Other important model parameters are the number of layers, the types and number of cells used in each layer, the maximum number of words allowed in each sentence (input and output), and the word embedding size. For the vertical bot, Vinyals-Le used 1 layer with 1024 LSTM cells; more typical values for chatbots are 3 layers and 512 cells. They didn’t specify the maximum sentence length, but based on the above discussion, we can assume this to be 20. Note that this parameter is important, because the Tensorflow seq2seq implementation pads all sequences (both input and output) to the same fixed length; this may be less of an issue for RNN / seq2seq implementations that allow for variable sequence lengths. A large value for maximum sentence length will require a correspondingly large memory allocation, while a smaller value will result in the inability to handle large sentences. 20 words per sentence is a reasonable compromise since most chat dialogs involve small sentences. Vinyals-Le also don’t specify the embedding size, but a typical value is 256. Like with all deep learning systems, higher values for these parameters will result in more complex models that require more training time and large datasets to prevent overfitting. There are many other relevant parameters, some specific to RNNs such as the use of GRUs instead of LSTMs, attention mechanisms, regularization, mini-batch size, number of epochs, learning rate, loss function and optimization algorithm (stochastic gradient descent, AdaGrad, Adam etc).

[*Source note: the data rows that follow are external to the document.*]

lemma matrix_inv_left:
  assumes "invertible A"
  shows "matrix_inv A ** A = mat 1"
  using someI_ex[OF assms[unfolded invertible_def]] by (simp add: matrix_inv_def)

lemma kern_commute: "kern f x y = kern f y x"
  by (simp add: kern_def inner_commute)

lemma gram_nth: "gram f u $ \<eta> $ \<xi> = kern f (u \<eta>) (u \<xi>)"
  by (simp add: gram_def kern_def inner_commute)

lemma transpose_gram: "transpose (gram f u) = gram f u"
  by (simp add: vec_eq_iff transpose_def gram_nth kern_commute)

lemma psd_kernel_gram:
  fixes u :: "'p::finite \<Rightarrow> real^'n::finite"
  assumes "psd_kernel (kern f) S" and "\<And>\<xi>. u \<xi> \<in> S"
  shows "0 \<le> y \<bullet> (gram f u *v y)"
proof -
  define G where "G \<xi> \<eta> = y $ \<xi> * y $ \<eta> * kern f (u \<xi>) (u \<eta>)" for \<xi> \<eta>
  obtain h where h: "bij_betw h {..<CARD('p)} (UNIV :: 'p set)"
    using ex_bij_betw_nat_finite[of "UNIV :: 'p set"] by (auto simp: atLeast0LessThan)
  have reindex: "(\<Sum>k<CARD('p). g (h k)) = (\<Sum>\<xi>\<in>UNIV. g \<xi>)" for g :: "'p \<Rightarrow> real"
    using sum.reindex_bij_betw[OF h] .
  have "0 \<le> (\<Sum>k<CARD('p). \<Sum>l<CARD('p). G (h k) (h l))"
    using assms(1) unfolding psd_kernel_def G_def
    by (elim allE[of _ "CARD('p)"] allE[of _ "\<lambda>k. u (h k)"] allE[of _ "\<lambda>k. y $ h k"])
      (simp add: assms(2))
  also have "\<dots> = (\<Sum>k<CARD('p). \<Sum>\<eta>\<in>UNIV. G (h k) \<eta>)"
    by (simp only: reindex)
  also have "\<dots> = (\<Sum>\<xi>\<in>UNIV. \<Sum>\<eta>\<in>UNIV. G \<xi> \<eta>)"
    by (rule reindex)
  also have "\<dots> = y \<bullet> (gram f u *v y)"
    by (simp add: G_def inner_vec_def matrix_vector_mult_def gram_nth sum_distrib_left mult_ac)
  finally show ?thesis .
qed

lemma bipolar_nth_abs: "x \<in> bipolar \<Longrightarrow> \<bar>x $ i\<bar> = 1"
  unfolding bipolar_def by (drule CollectD, drule spec[of _ i]) auto

lemma bipolar_nth_square: "x \<in> bipolar \<Longrightarrow> x $ i * x $ i = 1"
  unfolding bipolar_def by (drule CollectD, drule spec[of _ i]) auto

definition signed_coeffs :: "('p::finite \<Rightarrow> real^'n) \<Rightarrow> 'n \<Rightarrow> ('p \<Rightarrow> real) \<Rightarrow> real^'p" where
  "signed_coeffs u i b = (\<chi> \<xi>. b \<xi> * u \<xi> $ i)"

definition pattern_coords :: "('p::finite \<Rightarrow> real^'n) \<Rightarrow> 'n \<Rightarrow> real^'p" where
  "pattern_coords u i = (\<chi> \<xi>. u \<xi> $ i)"

lemma Qobj_eq_quadratic_fun:
  assumes "\<And>\<xi>. u \<xi> \<in> bipolar"
  shows "Qobj f u i b = quadratic_fun (gram f u) (pattern_coords u i) (signed_coeffs u i b)"
proof -
  have "(\<Sum>\<xi>\<in>UNIV. u \<xi> $ i * (b \<xi> * u \<xi> $ i)) = (\<Sum>\<xi>\<in>UNIV. b \<xi>)"
    using bipolar_nth_square[OF assms] by (simp add: algebra_simps)
  then show ?thesis
    by (simp add: Qobj_def quadratic_fun_def signed_coeffs_def pattern_coords_def inner_vec_def
        matrix_vector_mult_def gram_nth sum_distrib_left sum_divide_distrib ac_simps)
qed

lemma rpnn_v_eq_vector_matrix_mult:
  "(\<chi> \<xi>. rpnn_v f u i \<xi>) = pattern_coords u i v* matrix_inv (gram f u)"
  by (simp add: vec_eq_iff rpnn_v_def pattern_coords_def vector_matrix_mult_def mult.commute)

lemma gram_mult_rpnn_v:
  assumes "invertible (gram f u)"
  shows "gram f u *v (\<chi> \<xi>. rpnn_v f u i \<xi>) = pattern_coords u i"
proof -
  have "gram f u *v (\<chi> \<xi>. rpnn_v f u i \<xi>) = (\<chi> \<xi>. rpnn_v f u i \<xi>) v* transpose (gram f u)"
    by simp
  also have "\<dots> = pattern_coords u i v* (matrix_inv (gram f u) ** gram f u)"
    by (simp add: transpose_gram rpnn_v_eq_vector_matrix_mult vector_matrix_mul_assoc)
  finally show ?thesis
    by (simp add: matrix_inv_left[OF assms])
qed

lemma signed_coeffs_eq_rpnn_v_if_interior:
  fixes u :: "'p::finite \<Rightarrow> real^'n::finite"
  assumes bip: "\<And>\<xi>. u \<xi> \<in> bipolar" and inv: "invertible (gram f u)"
    and sol: "is_QP_solution f u \<rho> i b" and interior: "\<And>\<xi>. 0 < b \<xi> \<and> b \<xi> < \<rho>"
  shows "signed_coeffs u i b = (\<chi> \<xi>. rpnn_v f u i \<xi>)"
proof -
  let ?q = "quadratic_fun (gram f u) (pattern_coords u i)"
  have "gram f u *v signed_coeffs u i b = pattern_coords u i"
  proof (rule stationary_if_min_along_axes[OF transpose_gram])
    fix k
    define \<delta> where "\<delta> = min (b k) (\<rho> - b k)"
    have "?q (signed_coeffs u i b) \<le> ?q (signed_coeffs u i b + t *\<^sub>R axis k 1)" if "\<bar>t\<bar> < \<delta>" for t
    proof -
      define b' where "b' \<xi> = b \<xi> + (if \<xi> = k then t * u k $ i else 0)" for \<xi>
      have "\<bar>t * u k $ i\<bar> = \<bar>t\<bar>"
        using bipolar_nth_abs[OF bip] by (simp add: abs_mult)
      then have "box_feasible \<rho> b'"
        using interior that by (auto simp: box_feasible_def b'_def \<delta>_def less_imp_le)
      then have "Qobj f u i b \<le> Qobj f u i b'"
        using sol by (simp add: is_QP_solution_def)
      moreover have "signed_coeffs u i b' = signed_coeffs u i b + t *\<^sub>R axis k 1"
        using bipolar_nth_square[OF bip, of k i]
        by (simp add: vec_eq_iff signed_coeffs_def b'_def axis_def algebra_simps)
      ultimately show ?thesis
        by (simp add: Qobj_eq_quadratic_fun[OF bip])
    qed
    moreover have "\<delta> > 0"
      using interior[of k] by (simp add: \<delta>_def)
    ultimately show "\<exists>\<delta>>0. \<forall>t. \<bar>t\<bar> < \<delta> \<longrightarrow> ?q (signed_coeffs u i b) \<le> ?q (signed_coeffs u i b + t *\<^sub>R axis k 1)"
      by blast
  qed
  also have "\<dots> = gram f u *v (\<chi> \<xi>. rpnn_v f u i \<xi>)"
    using gram_mult_rpnn_v[OF inv] ..
  finally show ?thesis
    by (rule injD[OF inj_matrix_vector_mult[OF inv]])
qed
(* Let $n\ge1$ and on $\mathbb{D}^n$ (coordinates $\alpha_0,\dots,\alpha_{n-1}$) use the Poisson bracket described in the context. Let $\Phi_n,\Psi_n$ be the monic first and second kind orthogonal polynomials on the unit circle and $\Phi_n^*,\Psi_n^*$ their reversed polynomials. Then for all $z,w$: \[ \{\Phi_n(z),\Phi_n(w)\}=\{\Psi_n(z),\Psi_n(w)\}=\{\Phi_n^*(z),\Phi_n^*(w)\}=\{\Psi_n^*(z),\Psi_n^*(w)\}=0, \] \[ \{\Phi_n^*(z),\Psi_n^*(w)\}=-\frac{i}{2}\Bigl[\bigl(\Phi_n^*(z)\Psi_n^*(w)-\Psi_n^*(z)\Phi_n^*(w)\bigr)\frac{z+w}{z-w}-\Phi_n^*(z)\Phi_n^*(w)+\Psi_n^*(z)\Psi_n^*(w)\Bigr], \] \[ \{\Phi_n(z),\Psi_n(w)\}=-\frac{i}{2}\Bigl[\bigl(\Phi_n(z)\Psi_n(w)-\Psi_n(z)\Phi_n(w)\bigr)\frac{z+w}{z-w}+\Phi_n(z)\Phi_n(w)-\Psi_n(z)\Psi_n(w)\Bigr]. \]
   Context: Let $\rho_j=(1-|\alpha_j|^2)^{1/2}$; the Poisson bracket is $\{f,g\}=\sum_{j=0}^{n-1}i\rho_j^2\bigl(\frac{\partial f}{\partial\bar\alpha_j}\frac{\partial g}{\partial\alpha_j}-\frac{\partial f}{\partial\alpha_j}\frac{\partial g}{\partial\bar\alpha_j}\bigr)$ (Wirtinger derivatives), i.e. $\{\alpha_j,\alpha_k\}=0$, $\{\alpha_j,\bar\alpha_k\}=-i\rho_j^2\delta_{jk}$; $z,w$ are held fixed. $\Phi_0=1$, $\Phi_{k+1}(z)=z\Phi_k(z)-\bar\alpha_k\Phi_k^*(z)$, $\Phi_k^*(z)=z^k\overline{\Phi_k(1/\bar z)}$; $\Psi_k$ satisfies the same recursion with each $\alpha_j$ replaced by $-\alpha_j$, and $\Psi_k^*(z)=z^k\overline{\Psi_k(1/\bar z)}$. The identities are identities of polynomials in $z,w$. *)

theory Defs
  imports "HOL-Analysis.Analysis" "HOL-Computational_Algebra.Polynomial"
begin

text \<open>Reversed polynomial of degree (at most) k: z^k * conj(p(1/conj z)),
  written out on coefficients.\<close>
definition rev_poly :: "nat \<Rightarrow> complex poly \<Rightarrow> complex poly" where
  "rev_poly k p = (\<Sum>i\<le>k. monom (cnj (coeff p i)) (k - i))"

fun opuc :: "(nat \<Rightarrow> complex) \<Rightarrow> nat \<Rightarrow> complex poly" where
  "opuc a 0 = 1"
| "opuc a (Suc k) = pCons 0 (opuc a k) - smult (cnj (a k)) (rev_poly k (opuc a k))"

definition Phi :: "(nat \<Rightarrow> complex) \<Rightarrow> nat \<Rightarrow> complex \<Rightarrow> complex" where
  "Phi a k z = poly (opuc a k) z"
definition PhiStar :: "(nat \<Rightarrow> complex) \<Rightarrow> nat \<Rightarrow> complex \<Rightarrow> complex" where
  "PhiStar a k z = poly (rev_poly k (opuc a k)) z"
definition Psi :: "(nat \<Rightarrow> complex) \<Rightarrow> nat \<Rightarrow> complex \<Rightarrow> complex" where
  "Psi a k z = poly (opuc (\<lambda>j. - a j) k) z"
definition PsiStar :: "(nat \<Rightarrow> complex) \<Rightarrow> nat \<Rightarrow> complex \<Rightarrow> complex" where
  "PsiStar a k z = poly (rev_poly k (opuc (\<lambda>j. - a j) k)) z"

definition dRe :: "((nat \<Rightarrow> complex) \<Rightarrow> complex) \<Rightarrow> nat \<Rightarrow> (nat \<Rightarrow> complex) \<Rightarrow> complex" where
  "dRe f j a = vector_derivative (\<lambda>t::real. f (a(j := a j + of_real t))) (at 0)"
definition dIm :: "((nat \<Rightarrow> complex) \<Rightarrow> complex) \<Rightarrow> nat \<Rightarrow> (nat \<Rightarrow> complex) \<Rightarrow> complex" where
  "dIm f j a = vector_derivative (\<lambda>t::real. f (a(j := a j + \<i> * of_real t))) (at 0)"
definition wirt :: "((nat \<Rightarrow> complex) \<Rightarrow> complex) \<Rightarrow> nat \<Rightarrow> (nat \<Rightarrow> complex) \<Rightarrow> complex" where
  "wirt f j a = (dRe f j a - \<i> * dIm f j a) / 2"
definition wirt_bar :: "((nat \<Rightarrow> complex) \<Rightarrow> complex) \<Rightarrow> nat \<Rightarrow> (nat \<Rightarrow> complex) \<Rightarrow> complex" where
  "wirt_bar f j a = (dRe f j a + \<i> * dIm f j a) / 2"

definition pbracket :: "nat \<Rightarrow> ((nat \<Rightarrow> complex) \<Rightarrow> complex) \<Rightarrow> ((nat \<Rightarrow> complex) \<Rightarrow> complex)
    \<Rightarrow> (nat \<Rightarrow> complex) \<Rightarrow> complex" where
  "pbracket n f g a = (\<Sum>j<n. \<i> * of_real (1 - (norm (a j))\<^sup>2) *
      (wirt_bar f j a * wirt g j a - wirt f j a * wirt_bar g j a))"

end

(*
  Each of Phi_(k+1), Phi*_(k+1), Psi_(k+1), Psi*_(k+1) is e X_k + c(alpha_k) Y_k, where X_k, Y_k
  are degree-k polynomials of the same kind, which depend only on alpha_0, ..., alpha_(k-1), and
  c is R-linear in alpha_k.  The bracket is a sum of coordinatewise biderivations, so the bracket
  of two polynomials of level k+1 is the bilinear combination of the brackets at level k plus a
  single contribution of the coordinate alpha_k.  After clearing the denominator z - w the claimed
  formulas are polynomial identities, and the brackets within the Phi-family, as well as those
  between the Phi- and the Psi-family, satisfy a closed induction of this kind.  The brackets
  within the Psi-family are those of the Phi-family at -alpha, because alpha |-> -alpha exchanges
  Phi and Psi and preserves the bracket.
*)

theory Submission
  imports Defs
begin

lemma coeff_rev_poly:
  "coeff (rev_poly k p) m = (if m \<le> k then cnj (coeff p (k - m)) else 0)"
proof -
  have "coeff (rev_poly k p) m = (\<Sum>i\<le>k. if i = k - m \<and> m \<le> k then cnj (coeff p i) else 0)"
    unfolding rev_poly_def coeff_sum coeff_monom by (intro sum.cong) auto
  then show ?thesis by simp
qed

lemma degree_opuc: "degree (opuc a k) \<le> k"
proof (induction k)
  case (Suc k)
  have "degree (rev_poly k (opuc a k)) \<le> k"
    by (rule degree_le) (simp add: coeff_rev_poly)
  with Suc show ?case
    by (auto intro!: degree_diff_le order.trans[OF degree_smult_le] simp: degree_pCons_eq_if)
qed simp

lemma rev_poly_opuc_Suc:
  "rev_poly (Suc k) (opuc a (Suc k)) = rev_poly k (opuc a k) - smult (a k) (pCons 0 (opuc a k))"
proof (rule poly_eqI)
  fix m
  have high: "coeff (opuc a k) i = 0" if "k < i" for i
    using degree_opuc[of a k] that by (simp add: coeff_eq_0)
  show "coeff (rev_poly (Suc k) (opuc a (Suc k))) m
      = coeff (rev_poly k (opuc a k) - smult (a k) (pCons 0 (opuc a k))) m"
    by (cases m) (auto simp: coeff_rev_poly coeff_pCons high Suc_diff_le diff_Suc split: nat.split)
qed

lemma opuc_cong: "(\<And>j. j < n \<Longrightarrow> a j = b j) \<Longrightarrow> opuc a n = opuc b n"
  by (induction n) auto

lemma Psi_eq_Phi_uminus: "Psi b n z = Phi (- b) n z"
  and PsiStar_eq_PhiStar_uminus: "PsiStar b n z = PhiStar (- b) n z"
  by (simp_all add: Psi_def Phi_def PsiStar_def PhiStar_def fun_Compl_def)

lemma Phi_0 [simp]: "Phi b 0 z = 1"
  and PhiStar_0 [simp]: "PhiStar b 0 z = 1"
  by (simp_all add: Phi_def PhiStar_def rev_poly_def)

lemma Phi_Suc: "Phi b (Suc n) z = z * Phi b n z - cnj (b n) * PhiStar b n z"
  by (simp add: Phi_def PhiStar_def)

lemma PhiStar_Suc: "PhiStar b (Suc n) z = PhiStar b n z - b n * z * Phi b n z"
  unfolding Phi_def PhiStar_def rev_poly_opuc_Suc by (simp add: algebra_simps)

lemma Psi_Suc: "Psi b (Suc n) z = z * Psi b n z + cnj (b n) * PsiStar b n z"
  by (simp add: Psi_eq_Phi_uminus PsiStar_eq_PhiStar_uminus Phi_Suc)

lemma PsiStar_Suc: "PsiStar b (Suc n) z = PsiStar b n z + b n * z * Psi b n z"
  by (simp add: Psi_eq_Phi_uminus PsiStar_eq_PhiStar_uminus PhiStar_Suc)

lemma Phi_fun_upd: "n \<le> k \<Longrightarrow> Phi (b(k := x)) n z = Phi b n z"
  and PhiStar_fun_upd: "n \<le> k \<Longrightarrow> PhiStar (b(k := x)) n z = PhiStar b n z"
proof -
  assume "n \<le> k"
  then have "opuc (b(k := x)) n = opuc b n" by (intro opuc_cong) auto
  then show "Phi (b(k := x)) n z = Phi b n z" "PhiStar (b(k := x)) n z = PhiStar b n z"
    by (simp_all add: Phi_def PhiStar_def)
qed

text \<open>\<open>D\<close> and \<open>Db\<close> play the roles of \<open>\<partial>f/\<partial>\<alpha>\<^sub>j\<close> and \<open>\<partial>f/\<partial>\<alpha>\<^sub>j\<^sup>*\<close>: the derivative of \<open>f\<close>
  along the direction \<open>c\<close> is \<open>c D + c\<^sup>* Db\<close>.\<close>

definition has_wirtinger_derivs ::
    "((nat \<Rightarrow> complex) \<Rightarrow> complex) \<Rightarrow> nat \<Rightarrow> (nat \<Rightarrow> complex) \<Rightarrow> complex \<Rightarrow> complex \<Rightarrow> bool" where
  "has_wirtinger_derivs f j a D Db \<longleftrightarrow> (\<forall>c \<in> {1, \<i>}.
     ((\<lambda>t::real. f (a(j := a j + c * of_real t))) has_vector_derivative c * D + cnj c * Db) (at 0))"

definition wirtinger_differentiable ::
    "((nat \<Rightarrow> complex) \<Rightarrow> complex) \<Rightarrow> nat \<Rightarrow> (nat \<Rightarrow> complex) \<Rightarrow> bool" where
  "wirtinger_differentiable f j a \<longleftrightarrow> (\<exists>D Db. has_wirtinger_derivs f j a D Db)"

lemma has_wirtinger_derivs_wirt:
  assumes "has_wirtinger_derivs f j a D Db"
  shows "wirt f j a = D" and "wirt_bar f j a = Db"
proof -
  have re: "dRe f j a = D + Db" and im: "dIm f j a = \<i> * D - \<i> * Db"
    using assms unfolding has_wirtinger_derivs_def dRe_def dIm_def
    by (auto intro: vector_derivative_at)
  show "wirt f j a = D" and "wirt_bar f j a = Db"
    unfolding wirt_def wirt_bar_def re im by (simp_all add: algebra_simps)
qed
(* Let $\mathbb{K}\in\{\mathbb{R},\mathbb{C}\}$, let $B$ be a commutative Banach algebra over $\mathbb{K}$, $(\omega_k)_{k\in\mathbb{N}}$ a convex growth family and $(\mathcal{H},\Sigma)$ a combinatorial Hopf algebra such that $((\mathcal{H},\Sigma),(\omega_k)_k)$ is a control pair. Then the space $\ell^\infty_{\rightarrow}(\mathcal{H},B)$ of controlled linear maps is a locally convex unital topological algebra with respect to the convolution product $\phi\star\psi=m_B\circ(\phi\otimes\psi)\circ\Delta$, with unit $1_B\cdot\epsilon$.
   Context: A growth family is a family $(\omega_k)_{k\in\mathbb{N}}$ of functions $\omega_k\colon\mathbb{N}_0\to\mathbb{N}$ with (W1) $\omega_k(0)=1$, $\omega_k(n)\le\omega_{k+1}(n)$; (W2) $\omega_k(n)\omega_k(m)\le\omega_k(n+m)$; (W3) for every $k_1$ there is $k_2\ge k_1$ with $\omega_{k_2}(n)\ge2^n\omega_{k_1}(n)$ for all $n$; convex means: for each $k_1$ one can choose such $k_2$ so that additionally for every $k_3\ge k_2$ some $\alpha\in]0,1[$ satisfies $\omega_{k_1}(n)^\alpha\omega_{k_3}(n)^{1-\alpha}\le\omega_{k_2}(n)$ for all $n$. For a set $J$ graded by $|\cdot|\colon J\to\mathbb{N}_0$: $\ell^1_k(J)$ = formal sums $\sum c_\tau\tau$ with $\sum|c_\tau|\omega_k(|\tau|)<\infty$, $\ell^1_{\leftarrow}(J)=\bigcap_k\ell^1_k(J)$ (projective limit topology); $\ell^\infty_k(J,B)$ = maps $f\colon J\to B$ with $\sup_\tau\|f(\tau)\|/\omega_k(|\tau|)<\infty$, $\ell^\infty_{\rightarrow}(J,B)=\bigcup_k\ell^\infty_k(J,B)$ with direct limit topology. A commutative Banach algebra is unital, commutative, with complete submultiplicative norm and $\|1_B\|=1$. A combinatorial Hopf algebra $(\mathcal{H},\Sigma)$ is a graded connected Hopf algebra $\mathcal{H}$ over $\mathbb{K}$ (coproduct $\Delta$, counit $\epsilon$, antipode $S$) together with $\Sigma\subseteq\mathcal{H}$ such that $\mathcal{H}$ is as an algebra (via a fixed isomorphism) the commutative polynomial algebra $\mathbb{K}[\Sigma]$ or the noncommutative polynomial algebra $\mathbb{K}\langle\Sigma\rangle$, $\Sigma$ graded by the Hopf grading. Let $M$ be the free commutative monoid resp. free monoid on $\Sigma$ (graded by sums of degrees), so $\mathcal{H}=\mathbb{K}^{(M)}$ and $\mathcal{H}\otimes\mathcal{H}=\mathbb{K}^{(M\times M)}$ with $|(\mu,\sigma)|=|\mu|+|\sigma|$. $((\mathcal{H},\Sigma),(\omega_k))$ is a control pair if $\Delta$ and $S$ extend to continuous linear maps $\ell^1_{\leftarrow}(M)\to\ell^1_{\leftarrow}(M\times M)$ resp. $\ell^1_{\leftarrow}(M)\to\ell^1_{\leftarrow}(M)$. A linear map $\phi\colon\mathcal{H}\to B$ is controlled if $\phi|_M\in\ell^\infty_{\rightarrow}(M,B)$; the space $\ell^\infty_{\rightarrow}(\mathcal{H},B)$ of controlled linear maps is identified with $\ell^\infty_{\rightarrow}(M,B)$ as a locally convex space. *)

theory Defs
  imports "HOL-Analysis.Analysis"
begin

definition is_R_or_C :: "'k::real_normed_field itself \<Rightarrow> bool" where
  "is_R_or_C _ \<longleftrightarrow>
     (\<forall>z::'k. \<exists>r. z = of_real r) \<or>
     (\<exists>i::'k. i * i = -1 \<and> (\<forall>z::'k. \<exists>a b. z = of_real a + of_real b * i))"

text \<open>A commutative Banach algebra over K: the type class part gives a unital commutative
  ring with complete submultiplicative norm and norm 1 = 1 (real structure); scaleK is the
  K-scalar multiplication, compatible with the real one.\<close>
definition K_banach_algebra :: "('k::real_normed_field \<Rightarrow> 'b::{banach,real_normed_algebra_1,comm_ring_1} \<Rightarrow> 'b) \<Rightarrow> bool" where
  "K_banach_algebra scaleK \<longleftrightarrow>
     (\<forall>a x y. scaleK a (x + y) = scaleK a x + scaleK a y) \<and>
     (\<forall>a b x. scaleK (a + b) x = scaleK a x + scaleK b x) \<and>
     (\<forall>a b x. scaleK a (scaleK b x) = scaleK (a * b) x) \<and>
     (\<forall>x. scaleK 1 x = x) \<and>
     (\<forall>a x y. scaleK a (x * y) = scaleK a x * y) \<and>
     (\<forall>a x. norm (scaleK a x) = norm a * norm x) \<and>
     (\<forall>r x. scaleK (of_real r) x = scaleR r x)"

definition growth_family :: "(nat \<Rightarrow> nat \<Rightarrow> nat) \<Rightarrow> bool" where
  "growth_family \<omega> \<longleftrightarrow>
     (\<forall>k n. \<omega> k n \<ge> 1) \<and>
     (\<forall>k. \<omega> k 0 = 1) \<and> (\<forall>k n. \<omega> k n \<le> \<omega> (Suc k) n) \<and>
     (\<forall>k n m. \<omega> k n * \<omega> k m \<le> \<omega> k (n + m)) \<and>
     (\<forall>k1. \<exists>k2\<ge>k1. \<forall>n. \<omega> k2 n \<ge> 2 ^ n * \<omega> k1 n)"

definition convex_growth_family :: "(nat \<Rightarrow> nat \<Rightarrow> nat) \<Rightarrow> bool" where
  "convex_growth_family \<omega> \<longleftrightarrow> growth_family \<omega> \<and>
     (\<forall>k1. \<exists>k2\<ge>k1. (\<forall>n. \<omega> k2 n \<ge> 2 ^ n * \<omega> k1 n) \<and>
        (\<forall>k3\<ge>k2. \<exists>\<alpha>::real. 0 < \<alpha> \<and> \<alpha> < 1 \<and>
           (\<forall>n. real (\<omega> k1 n) powr \<alpha> * real (\<omega> k3 n) powr (1 - \<alpha>) \<le> real (\<omega> k2 n))))"

text \<open>The Hopf algebra is H = K^(M), where M (a type with monoid structure) is the free
  monoid resp. free commutative monoid on the set of generators Sigma. A linear map on H
  (resp. from H to H tensor H = K^(M x M)) is given by its values on the basis M, which are
  finitely supported coefficient functions.\<close>

definition supp :: "('a \<Rightarrow> 'c::zero) \<Rightarrow> 'a set" where
  "supp f = {x. f x \<noteq> 0}"

definition free_monoid_on :: "'m::monoid_mult set \<Rightarrow> bool" where
  "free_monoid_on \<Sigma> \<longleftrightarrow> (\<forall>\<mu>::'m. \<exists>!xs. set xs \<subseteq> \<Sigma> \<and> prod_list xs = \<mu>)"

definition free_comm_monoid_on :: "'m::monoid_mult set \<Rightarrow> bool" where
  "free_comm_monoid_on \<Sigma> \<longleftrightarrow> (\<forall>x y::'m. x * y = y * x) \<and>
     (\<forall>\<mu>::'m. (\<exists>xs. set xs \<subseteq> \<Sigma> \<and> prod_list xs = \<mu>) \<and>
        (\<forall>xs ys. set xs \<subseteq> \<Sigma> \<longrightarrow> set ys \<subseteq> \<Sigma> \<longrightarrow> prod_list xs = \<mu> \<longrightarrow> prod_list ys = \<mu>
            \<longrightarrow> mset xs = mset ys))"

Seq2seq chatbot models, like the Vinyals-Le approach, provide a simple way to build unsupervised vertical chatbots. The advantage of these models is their simplicity and their generality, with little need for domain-dependent rules. The disadvantages include adaptation to the task of building chatbots (given their origins in machine translation and Q/A), difficulty maintaining context in lengthy conversations, and holding a dialog with a consistent personality (though this is less of an issue for vertical bots compared to horizontal bots). While a lot of (media) attention has been paid to horizontal chatbots like Google Assistant, Siri and Alexa, vertical chatbots, tailored to specific enterprises and domains might be a bigger business opportunity.